- **Activity**
Set down the lines below exactly as they stand, please. Go from the first through the one containing "x + y \<in> C)".

- **Records provided**
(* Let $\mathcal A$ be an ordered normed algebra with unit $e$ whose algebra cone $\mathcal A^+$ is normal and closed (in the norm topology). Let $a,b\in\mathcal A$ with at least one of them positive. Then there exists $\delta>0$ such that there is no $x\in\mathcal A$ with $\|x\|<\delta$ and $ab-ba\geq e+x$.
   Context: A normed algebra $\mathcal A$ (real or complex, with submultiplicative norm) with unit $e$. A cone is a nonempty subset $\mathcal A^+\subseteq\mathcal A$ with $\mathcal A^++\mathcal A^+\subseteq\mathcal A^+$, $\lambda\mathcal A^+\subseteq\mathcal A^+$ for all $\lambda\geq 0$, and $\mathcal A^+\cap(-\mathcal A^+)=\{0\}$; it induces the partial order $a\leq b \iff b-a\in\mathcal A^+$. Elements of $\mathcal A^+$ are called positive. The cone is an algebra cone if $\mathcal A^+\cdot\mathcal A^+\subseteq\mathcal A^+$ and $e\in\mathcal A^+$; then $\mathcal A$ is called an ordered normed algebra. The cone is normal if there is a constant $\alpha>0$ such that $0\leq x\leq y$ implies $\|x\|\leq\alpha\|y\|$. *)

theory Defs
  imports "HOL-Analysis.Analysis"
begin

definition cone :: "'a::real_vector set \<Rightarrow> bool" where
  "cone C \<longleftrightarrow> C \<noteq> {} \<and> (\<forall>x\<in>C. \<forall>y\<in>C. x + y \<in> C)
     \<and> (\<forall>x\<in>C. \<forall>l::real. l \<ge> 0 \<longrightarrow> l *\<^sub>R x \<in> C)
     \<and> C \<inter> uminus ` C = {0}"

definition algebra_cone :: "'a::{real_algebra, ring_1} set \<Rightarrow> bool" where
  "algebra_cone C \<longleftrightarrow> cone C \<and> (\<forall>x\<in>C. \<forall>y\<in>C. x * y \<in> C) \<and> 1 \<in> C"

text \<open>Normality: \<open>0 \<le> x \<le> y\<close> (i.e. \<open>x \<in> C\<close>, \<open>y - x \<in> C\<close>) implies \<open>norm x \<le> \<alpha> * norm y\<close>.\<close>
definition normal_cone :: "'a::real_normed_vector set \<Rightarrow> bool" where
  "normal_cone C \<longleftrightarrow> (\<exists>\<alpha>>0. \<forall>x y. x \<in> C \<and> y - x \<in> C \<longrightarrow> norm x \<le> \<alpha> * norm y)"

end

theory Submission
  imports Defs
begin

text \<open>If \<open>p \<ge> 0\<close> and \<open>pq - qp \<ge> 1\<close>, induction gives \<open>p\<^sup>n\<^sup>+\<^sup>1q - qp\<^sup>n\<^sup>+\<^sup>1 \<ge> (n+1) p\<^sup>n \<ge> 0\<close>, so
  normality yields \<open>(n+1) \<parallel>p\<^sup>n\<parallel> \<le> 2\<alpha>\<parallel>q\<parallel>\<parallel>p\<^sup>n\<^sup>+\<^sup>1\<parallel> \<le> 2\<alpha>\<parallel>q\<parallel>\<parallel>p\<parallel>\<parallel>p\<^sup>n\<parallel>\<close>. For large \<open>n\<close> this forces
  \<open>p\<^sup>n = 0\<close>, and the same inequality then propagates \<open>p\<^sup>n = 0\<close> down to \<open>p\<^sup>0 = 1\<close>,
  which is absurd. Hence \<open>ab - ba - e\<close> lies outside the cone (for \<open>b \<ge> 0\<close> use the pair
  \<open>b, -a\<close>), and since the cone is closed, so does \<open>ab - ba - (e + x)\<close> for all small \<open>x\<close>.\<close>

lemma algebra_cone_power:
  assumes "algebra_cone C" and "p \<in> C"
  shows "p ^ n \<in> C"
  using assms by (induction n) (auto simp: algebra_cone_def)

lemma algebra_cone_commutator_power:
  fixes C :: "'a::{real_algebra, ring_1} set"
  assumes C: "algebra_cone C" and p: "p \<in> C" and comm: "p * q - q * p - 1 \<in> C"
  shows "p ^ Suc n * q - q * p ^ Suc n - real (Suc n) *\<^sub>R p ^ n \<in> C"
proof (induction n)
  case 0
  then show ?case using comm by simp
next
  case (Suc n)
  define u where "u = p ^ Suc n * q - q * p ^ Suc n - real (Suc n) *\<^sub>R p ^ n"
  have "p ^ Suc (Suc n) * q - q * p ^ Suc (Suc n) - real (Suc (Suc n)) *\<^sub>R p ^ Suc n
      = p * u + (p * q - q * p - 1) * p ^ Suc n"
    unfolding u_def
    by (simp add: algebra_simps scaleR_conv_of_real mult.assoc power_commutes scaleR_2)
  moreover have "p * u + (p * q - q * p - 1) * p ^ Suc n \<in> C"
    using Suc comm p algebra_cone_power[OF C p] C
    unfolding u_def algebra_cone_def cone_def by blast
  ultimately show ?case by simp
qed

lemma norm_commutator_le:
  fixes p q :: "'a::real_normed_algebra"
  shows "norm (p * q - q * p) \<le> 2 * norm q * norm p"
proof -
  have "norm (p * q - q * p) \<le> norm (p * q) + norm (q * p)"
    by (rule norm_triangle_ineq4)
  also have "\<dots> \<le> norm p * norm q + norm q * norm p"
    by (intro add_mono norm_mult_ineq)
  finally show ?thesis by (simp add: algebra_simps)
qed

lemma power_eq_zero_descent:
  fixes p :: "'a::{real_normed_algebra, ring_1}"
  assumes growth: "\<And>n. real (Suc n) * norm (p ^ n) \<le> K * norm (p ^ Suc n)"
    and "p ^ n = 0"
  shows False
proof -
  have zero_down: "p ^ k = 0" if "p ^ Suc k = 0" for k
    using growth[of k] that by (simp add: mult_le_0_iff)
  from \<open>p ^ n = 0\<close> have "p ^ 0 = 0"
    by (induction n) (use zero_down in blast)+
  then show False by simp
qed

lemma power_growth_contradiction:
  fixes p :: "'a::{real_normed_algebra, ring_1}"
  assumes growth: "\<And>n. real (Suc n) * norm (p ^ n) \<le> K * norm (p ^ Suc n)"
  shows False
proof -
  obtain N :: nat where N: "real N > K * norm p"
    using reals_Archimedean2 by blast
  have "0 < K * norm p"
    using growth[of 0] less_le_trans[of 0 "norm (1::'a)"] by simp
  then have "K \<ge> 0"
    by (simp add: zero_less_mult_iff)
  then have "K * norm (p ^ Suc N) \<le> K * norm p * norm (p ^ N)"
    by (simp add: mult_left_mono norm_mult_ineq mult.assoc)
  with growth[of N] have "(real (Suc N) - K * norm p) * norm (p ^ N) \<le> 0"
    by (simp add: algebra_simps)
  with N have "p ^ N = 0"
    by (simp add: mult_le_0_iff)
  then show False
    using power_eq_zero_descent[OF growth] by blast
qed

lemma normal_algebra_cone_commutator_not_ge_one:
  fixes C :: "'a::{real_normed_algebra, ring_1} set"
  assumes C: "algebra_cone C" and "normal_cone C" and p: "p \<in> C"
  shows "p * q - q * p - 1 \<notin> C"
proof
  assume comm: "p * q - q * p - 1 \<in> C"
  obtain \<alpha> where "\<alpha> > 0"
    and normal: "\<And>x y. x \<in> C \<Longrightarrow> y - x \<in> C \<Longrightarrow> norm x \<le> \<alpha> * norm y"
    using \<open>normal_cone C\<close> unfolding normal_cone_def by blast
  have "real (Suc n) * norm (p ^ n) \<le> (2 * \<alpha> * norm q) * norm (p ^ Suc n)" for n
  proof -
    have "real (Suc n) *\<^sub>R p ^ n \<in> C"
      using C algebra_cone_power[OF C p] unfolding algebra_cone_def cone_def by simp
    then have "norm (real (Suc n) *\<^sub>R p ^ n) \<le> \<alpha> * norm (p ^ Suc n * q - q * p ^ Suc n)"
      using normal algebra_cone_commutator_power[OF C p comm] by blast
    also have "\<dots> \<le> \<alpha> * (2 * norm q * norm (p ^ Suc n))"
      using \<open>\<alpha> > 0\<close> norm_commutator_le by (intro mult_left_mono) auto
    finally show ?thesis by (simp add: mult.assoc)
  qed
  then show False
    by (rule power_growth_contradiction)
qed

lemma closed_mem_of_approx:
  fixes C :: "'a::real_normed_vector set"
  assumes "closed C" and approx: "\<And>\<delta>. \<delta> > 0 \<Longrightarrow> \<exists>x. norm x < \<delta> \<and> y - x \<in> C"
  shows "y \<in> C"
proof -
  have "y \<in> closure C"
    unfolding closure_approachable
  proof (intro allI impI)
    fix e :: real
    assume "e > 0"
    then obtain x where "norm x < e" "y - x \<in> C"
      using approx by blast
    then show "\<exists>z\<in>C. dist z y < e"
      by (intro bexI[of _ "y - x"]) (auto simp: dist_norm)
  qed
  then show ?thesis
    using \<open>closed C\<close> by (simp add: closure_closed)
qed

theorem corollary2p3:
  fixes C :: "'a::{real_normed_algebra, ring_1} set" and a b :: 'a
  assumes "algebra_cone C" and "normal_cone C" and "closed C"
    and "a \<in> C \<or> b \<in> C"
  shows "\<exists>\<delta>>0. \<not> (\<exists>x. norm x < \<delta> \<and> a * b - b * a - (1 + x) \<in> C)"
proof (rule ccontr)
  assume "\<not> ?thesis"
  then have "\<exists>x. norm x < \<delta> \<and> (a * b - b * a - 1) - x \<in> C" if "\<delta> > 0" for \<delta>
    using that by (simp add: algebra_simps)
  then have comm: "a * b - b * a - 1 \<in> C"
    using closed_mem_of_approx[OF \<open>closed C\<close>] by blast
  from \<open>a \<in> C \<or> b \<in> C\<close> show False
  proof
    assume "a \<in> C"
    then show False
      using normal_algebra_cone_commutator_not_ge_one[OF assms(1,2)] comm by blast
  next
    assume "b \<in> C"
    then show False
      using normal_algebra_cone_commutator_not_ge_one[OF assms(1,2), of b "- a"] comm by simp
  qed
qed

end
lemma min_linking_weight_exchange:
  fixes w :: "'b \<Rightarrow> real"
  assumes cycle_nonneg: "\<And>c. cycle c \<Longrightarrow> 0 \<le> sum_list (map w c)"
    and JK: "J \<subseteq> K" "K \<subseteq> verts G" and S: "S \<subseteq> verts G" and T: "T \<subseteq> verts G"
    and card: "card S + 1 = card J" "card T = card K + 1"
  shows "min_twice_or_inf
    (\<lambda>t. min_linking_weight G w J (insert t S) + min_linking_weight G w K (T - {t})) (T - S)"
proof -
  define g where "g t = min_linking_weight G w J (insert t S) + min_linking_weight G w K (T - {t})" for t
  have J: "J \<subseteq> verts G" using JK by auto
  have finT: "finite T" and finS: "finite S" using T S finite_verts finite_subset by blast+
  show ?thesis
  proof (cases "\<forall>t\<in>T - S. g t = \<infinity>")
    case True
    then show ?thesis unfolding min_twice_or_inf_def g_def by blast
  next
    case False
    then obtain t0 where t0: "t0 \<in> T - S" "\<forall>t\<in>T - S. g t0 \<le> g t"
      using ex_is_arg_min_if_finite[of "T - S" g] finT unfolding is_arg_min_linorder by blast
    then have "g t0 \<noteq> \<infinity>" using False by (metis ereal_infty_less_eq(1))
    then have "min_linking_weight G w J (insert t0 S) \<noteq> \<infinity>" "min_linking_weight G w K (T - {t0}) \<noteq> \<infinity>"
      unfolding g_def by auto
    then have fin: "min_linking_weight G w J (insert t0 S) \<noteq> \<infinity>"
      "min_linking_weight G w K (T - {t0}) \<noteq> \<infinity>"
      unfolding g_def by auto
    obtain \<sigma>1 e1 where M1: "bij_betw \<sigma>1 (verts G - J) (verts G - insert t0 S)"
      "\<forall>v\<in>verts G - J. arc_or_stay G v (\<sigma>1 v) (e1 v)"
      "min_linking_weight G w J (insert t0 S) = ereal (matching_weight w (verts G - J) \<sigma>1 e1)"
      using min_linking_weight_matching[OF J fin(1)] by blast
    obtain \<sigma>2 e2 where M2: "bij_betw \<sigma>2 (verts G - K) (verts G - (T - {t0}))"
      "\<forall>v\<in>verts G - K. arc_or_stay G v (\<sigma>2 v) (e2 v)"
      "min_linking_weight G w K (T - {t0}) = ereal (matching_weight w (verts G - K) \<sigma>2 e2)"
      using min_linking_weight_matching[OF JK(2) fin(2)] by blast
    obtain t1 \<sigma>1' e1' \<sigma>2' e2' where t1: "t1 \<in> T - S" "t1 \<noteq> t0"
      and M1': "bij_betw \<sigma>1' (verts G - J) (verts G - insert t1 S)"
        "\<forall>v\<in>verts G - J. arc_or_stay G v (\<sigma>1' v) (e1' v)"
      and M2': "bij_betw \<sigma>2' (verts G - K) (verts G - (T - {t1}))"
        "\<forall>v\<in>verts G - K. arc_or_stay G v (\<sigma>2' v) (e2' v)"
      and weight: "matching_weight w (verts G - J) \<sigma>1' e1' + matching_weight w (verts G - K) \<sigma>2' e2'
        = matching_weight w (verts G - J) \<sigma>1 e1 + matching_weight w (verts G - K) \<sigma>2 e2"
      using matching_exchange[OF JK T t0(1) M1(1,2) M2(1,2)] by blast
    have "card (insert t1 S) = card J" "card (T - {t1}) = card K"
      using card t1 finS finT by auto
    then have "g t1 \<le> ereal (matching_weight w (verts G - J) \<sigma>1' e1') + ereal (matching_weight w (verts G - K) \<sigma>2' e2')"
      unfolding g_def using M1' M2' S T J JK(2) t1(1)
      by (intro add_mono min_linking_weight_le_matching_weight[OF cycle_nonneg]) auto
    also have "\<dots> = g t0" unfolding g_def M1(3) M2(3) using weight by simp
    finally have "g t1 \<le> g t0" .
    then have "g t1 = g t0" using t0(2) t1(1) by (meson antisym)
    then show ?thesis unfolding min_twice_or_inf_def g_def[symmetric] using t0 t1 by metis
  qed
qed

- **Written answer**
(* Let $\mathcal A$ be an ordered normed algebra with unit $e$ whose algebra cone $\mathcal A^+$ is normal and closed (in the norm topology). Let $a,b\in\mathcal A$ with at least one of them positive. Then there exists $\delta>0$ such that there is no $x\in\mathcal A$ with $\|x\|<\delta$ and $ab-ba\geq e+x$.
   Context: A normed algebra $\mathcal A$ (real or complex, with submultiplicative norm) with unit $e$. A cone is a nonempty subset $\mathcal A^+\subseteq\mathcal A$ with $\mathcal A^++\mathcal A^+\subseteq\mathcal A^+$, $\lambda\mathcal A^+\subseteq\mathcal A^+$ for all $\lambda\geq 0$, and $\mathcal A^+\cap(-\mathcal A^+)=\{0\}$; it induces the partial order $a\leq b \iff b-a\in\mathcal A^+$. Elements of $\mathcal A^+$ are called positive. The cone is an algebra cone if $\mathcal A^+\cdot\mathcal A^+\subseteq\mathcal A^+$ and $e\in\mathcal A^+$; then $\mathcal A$ is called an ordered normed algebra. The cone is normal if there is a constant $\alpha>0$ such that $0\leq x\leq y$ implies $\|x\|\leq\alpha\|y\|$. *)

theory Defs
  imports "HOL-Analysis.Analysis"
begin

definition cone :: "'a::real_vector set \<Rightarrow> bool" where
  "cone C \<longleftrightarrow> C \<noteq> {} \<and> (\<forall>x\<in>C. \<forall>y\<in>C. x + y \<in> C)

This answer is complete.